All during my descent, grey clouds were backbuilding over the Sawatch Range behind me. I had thought that I would make it down in time to escape the brunt of the afternoon storms. I am wrong. I had just descended the ridge and am skirting the mountainside when I first see the clouds. I turn around and look at the summit. Behind it, dark, menacing storm clouds are forming. Now, it is a race to get below the treeline.

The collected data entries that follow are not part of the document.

(* Let $\alpha\in\mathbb{R}$ and $\beta\in\mathbb{R}\setminus\mathbb{Z}$, and define, with $\sigma_{\alpha,\beta}(z)=[(1+\alpha+\beta)^2+4z]^{1/2}$, $$\widehat m_{\alpha,\beta}(z)=\frac{-\Gamma(1-\beta)}{2^{1+\alpha+\beta}\beta\Gamma(1+\beta)}\,\frac{\Gamma([1+\alpha+\beta+\sigma_{\alpha,\beta}(z)]/2)\,\Gamma([1+\alpha+\beta-\sigma_{\alpha,\beta}(z)]/2)}{\Gamma([1+\alpha-\beta+\sigma_{\alpha,\beta}(z)]/2)\,\Gamma([1+\alpha-\beta-\sigma_{\alpha,\beta}(z)]/2)},$$ for $z\in\mathbb{C}\setminus\{n(n+1+\alpha+\beta)\}_{n\in\mathbb{N}_0}$. Then $\widehat m_{\alpha,\beta}$ has the Nevanlinna--Herglotz property if and only if $\alpha\in(-\mathbb{N})\cup(-1,\infty)$ and $\beta\in(-1,0)\cup(0,1)$.
   Context: A function $m$ has the Nevanlinna--Herglotz property if it is analytic in the open upper half-plane $\mathbb{C}_+$ and satisfies $\operatorname{Im}(m(z))>0$ for all $z\in\mathbb{C}_+$. The expression defining $\widehat m_{\alpha,\beta}$ is even in $\sigma_{\alpha,\beta}(z)$, so the branch of the square root is irrelevant. $\mathbb{N}_0=\mathbb{N}\cup\{0\}$. *)

theory Defs
  imports "HOL-Analysis.Analysis"
begin

definition sigma_ab :: "real \<Rightarrow> real \<Rightarrow> complex \<Rightarrow> complex" where
  "sigma_ab \<alpha> \<beta> z = csqrt ((complex_of_real (1 + \<alpha> + \<beta>))\<^sup>2 + 4 * z)"

definition m_hat :: "real \<Rightarrow> real \<Rightarrow> complex \<Rightarrow> complex" where
  "m_hat \<alpha> \<beta> z =
     (- Gamma (complex_of_real (1 - \<beta>)) /
       (complex_of_real (2 powr (1 + \<alpha> + \<beta>) * \<beta>) * Gamma (complex_of_real (1 + \<beta>))))
     * (Gamma ((complex_of_real (1 + \<alpha> + \<beta>) + sigma_ab \<alpha> \<beta> z) / 2)
        * Gamma ((complex_of_real (1 + \<alpha> + \<beta>) - sigma_ab \<alpha> \<beta> z) / 2))
     / (Gamma ((complex_of_real (1 + \<alpha> - \<beta>) + sigma_ab \<alpha> \<beta> z) / 2)
        * Gamma ((complex_of_real (1 + \<alpha> - \<beta>) - sigma_ab \<alpha> \<beta> z) / 2))"

definition nevanlinna_herglotz :: "(complex \<Rightarrow> complex) \<Rightarrow> bool" where
  "nevanlinna_herglotz m \<longleftrightarrow>
     m analytic_on {z. Im z > 0} \<and> (\<forall>z. Im z > 0 \<longrightarrow> Im (m z) > 0)"

end

(*
  With h = (1 + alpha + beta) / 2 and u, v the roots of w^2 - 2 h w - z, m_hat is a real constant K
  times Gamma(u) Gamma(v) / (Gamma(u - beta) Gamma(v - beta)). Euler's product for Gamma turns this
  quotient into the convergent product of (mu_n - z) / (lambda_n - z), where lambda_n = n (n + 2 h)
  are the poles and mu_n = (n - beta) (n - beta + 2 h) the zeros. On the upper half-plane its argument
  is therefore Theta(z) = sum_n [arg (mu_n - z) - arg (lambda_n - z)], and m_hat is Herglotz iff
  K sin Theta > 0 there.

  Under the stated conditions the zeros and poles interlace from some index on (for alpha = -n the
  first n zeros are the first n poles in reverse order and cancel), so Theta is an alternating sum of
  increasing angles and lies in (0, pi) or (-pi, 0) according to the sign of beta, which is opposite
  to the sign of K.

  Conversely, as z tends to a real point p along a ray, Theta tends to -pi times the number of zeros
  minus poles below p, plus a direction-dependent multiple of the same count at p. Positivity of
  K sin Theta confines the count below p to {0, 1} if K < 0 and to {-1, 0} if K > 0. Far out along
  the spectrum it takes both values floor beta and floor beta + 1, which forces |beta| < 1 with the
  sign of beta opposite to K; near the bottom of the spectrum a non-integer alpha < -1 makes it leave
  the allowed range.
*)
theory Submission
  imports Defs "HOL-Real_Asymp.Real_Asymp"
begin

text \<open>With \<open>h = (1 + \<alpha> + \<beta>) / 2\<close>, the poles of \<open>m_hat \<alpha> \<beta>\<close> are the points
  \<open>eig h n = n (n + 1 + \<alpha> + \<beta>)\<close> and its zeros are the points \<open>eig h (n - \<beta>)\<close>.\<close>

definition eig :: "real \<Rightarrow> real \<Rightarrow> real" where
  "eig h x = x * (x + 2 * h)"

lemma eig_diff: "eig h x - eig h y = (x - y) * (x + y + 2 * h)"
  by (simp add: eig_def algebra_simps)

lemma eig_reflect: "eig h (- (2 * h) - x) = eig h x"
  by (simp add: eig_def algebra_simps)

lemma eig_less_iff:
  assumes "r > 0"
  shows "eig h x < r\<^sup>2 - h\<^sup>2 \<longleftrightarrow> \<bar>x + h\<bar> < r"
proof -
  have "eig h x < r\<^sup>2 - h\<^sup>2 \<longleftrightarrow> (x + h)\<^sup>2 < r\<^sup>2"
    by (simp add: eig_def power2_eq_square algebra_simps)
  also have "\<dots> \<longleftrightarrow> \<bar>x + h\<bar> < \<bar>r\<bar>"
    by (simp add: abs_le_square_iff linorder_not_le[symmetric])
  finally show ?thesis
    using assms by simp
qed

lemma eventually_eig_ge: "\<forall>\<^sub>F n in sequentially. real n ^ 2 / 2 + d \<le> eig h (real n + c)"
  unfolding eig_def by real_asymp

lemma eventually_eig_gt: "\<forall>\<^sub>F n in sequentially. p < eig h (real n + c)"
  unfolding eig_def by real_asymp

lemma finite_eig_le: "finite {n. eig h (real n + c) \<le> p}"
proof -
  obtain N where N: "\<And>n. n \<ge> N \<Longrightarrow> p < eig h (real n + c)"
    using eventually_eig_gt[of p h c] by (auto simp: eventually_sequentially)
  have "n < N" if "eig h (real n + c) \<le> p" for n
    using N[of n] that by (cases "N \<le> n") auto
  then have "{n. eig h (real n + c) \<le> p} \<subseteq> {..<N}"
    by blast
  then show ?thesis
    using finite_subset by blast
qed

definition phase :: "complex \<Rightarrow> real \<Rightarrow> real" where
  "phase z q = arctan ((q - Re z) / Im z)"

I move quickly. I can feel my pulse racing from the combined physical effort and from my fear of the storm gaining on me. A thunderclap sparks my adrenaline; I think back to the plaque on the ridge above me that serves as a reminder of the tragedies caused by lightning. A woman in her twenties was on Princeton in the 1990s when she was caught in a freak storm. She was struck by lightning and died at that spot. Remembering her story, I keep moving. Shortly thereafter, I approach the grassy ridge near the start of the trail. The hail then begins falling. It falls down in sheets, accumulating on some of the flat rocks and making them slippery. A few minutes later, I see lightning. I begin jogging. A large, bright light flashes across the ridge, and a loud boom follows after, leaving my ears ringing. I begin sprinting. I have my mind set on getting off the mountain as quickly as possible. By the time I am off the ridge, rain and hail is falling heavily, rendering my jacket useless. Thankfully, at that time I am only a few minutes from the Jeep and, although it is an open Jeep, it provides much more protection than my soaked North Face windbreaker. When I get to it, I am thankful to have gotten off of the mountain unscathed.
Approximately forty-five minutes later, we are off the Jeep trail. We had done it. Overall, we spent about nine and a half hours on the mountain that day. To me, this is one of my greatest accomplishes to date. I do not know if I will ever climb Mt. Princeton again, but I do know that it will not be my last fourteener.